theorem lemma4p9:
  fixes d s s' :: nat and N :: "int list" and X B :: "int list set"
    and lam0 :: real and b :: "int list"
    and M :: "nat \<Rightarrow> nat \<Rightarrow> int" and v :: "nat \<Rightarrow> int"
  assumes hd: "d \<ge> 2"
    and hN: "length N = d"
    and hs: "s \<ge> 2"
    and hNs: "\<forall>i<d. N ! i > int s"
    and hX: "X \<subseteq> {x \<in> intvecs d. \<forall>i<d. 1 \<le> x ! i \<and> x ! i \<le> N ! i}"
    and hlam: "0 < lam0" "lam0 < 1 / (real s - 1)"
    and hB: "B \<subseteq> {c \<in> intvecs d. c \<noteq> replicate d 0 \<and>
               (\<forall>i<d. \<bar>real_of_int (c ! i)\<bar> \<le> real_of_int (N ! i) / (real s - 1))}"
    and hBlam: "\<forall>c\<in>B. lam0 \<le> Max ((\<lambda>i. \<bar>real_of_int (c ! i)\<bar> /
                   (real_of_int (Gcd (set c)) * real_of_int (N ! i))) ` {..<d})"
    and hb: "b \<in> B"
    and hf: "\<forall>x1\<in>intvecs d. \<forall>x2\<in>intvecs d.
               affmap d M v x1 = affmap d M v x2 \<longleftrightarrow>
               (\<exists>k::rat. \<forall>i<d. of_int (x1 ! i - x2 ! i) = k * of_int (b ! i))"
    and hs': "1 \<le> s'" "s' \<le> s"
  shows "ennreal (\<Sum>b'\<in>B. real (card (U X b s \<inter> U X b' s)))
    \<le> ennreal (4 / (real s * lam0) * real (card (U X b s)))
      + ennreal ((real s' - 1) / real s * (\<Sum>b'\<in>B. real (card (U X b' s))))
      + ennreal (12 / (real s * lam0 ^ 2)) *
        infsum (\<lambda>c. ennreal (real (card (U (affmap d M v ` U X b s) c s'))))
          {c \<in> intvecs (d - 1). c \<noteq> replicate (d - 1) 0}"
proof (cases "finite B")
  case False
  then show ?thesis
    by simp
next
  case True
  interpret rational_line_fibres d M v b
    using hB hb hf by unfold_locales (auto simp: intvecs_def)
  have "(\<Sum>b'\<in>B. real (card (U X b s \<inter> U X b' s)))
    \<le> 4 / (real s * lam0) * real (card (U X b s))
      + (real s' - 1) / real s * (\<Sum>b'\<in>B. real (card (U X b' s)))
      + 12 / (real s * lam0 ^ 2) *
        (\<Sum>c\<in>linmap d M ` B - {replicate (d - 1) 0}. real (card (U (affmap d M v ` U X b s) c s')))"
    by (rule sum_card_inter_U_bound[OF True _ hs hs'(1) hNs hX hlam hB]) (use hBlam hb hd in auto)
  then show ?thesis
  proof (rule ennreal_le_plus_mult_infsum)
    show "0 \<le> 4 / (real s * lam0) * real (card (U X b s))"
      using hlam by simp
    show "0 \<le> (real s' - 1) / real s * (\<Sum>b'\<in>B. real (card (U X b' s)))"
      using hs' by (simp add: sum_nonneg)
    show "finite (linmap d M ` B - {replicate (d - 1) 0})"
      using True by simp
    show "linmap d M ` B - {replicate (d - 1) 0} \<subseteq> {c \<in> intvecs (d - 1). c \<noteq> replicate (d - 1) 0}"
      by (auto simp: intvecs_def)
  qed simp
qed

end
------------------------------------
▶ GOAL OF THE EXERCISE
Lines in the material above that include the string "using" should be listed.

▶ WRITTEN RESPONSE
    using hB hb hf by unfold_locales (auto simp: intvecs_def)
      using hlam by simp
      using hs' by (simp add: sum_nonneg)
      using True by simp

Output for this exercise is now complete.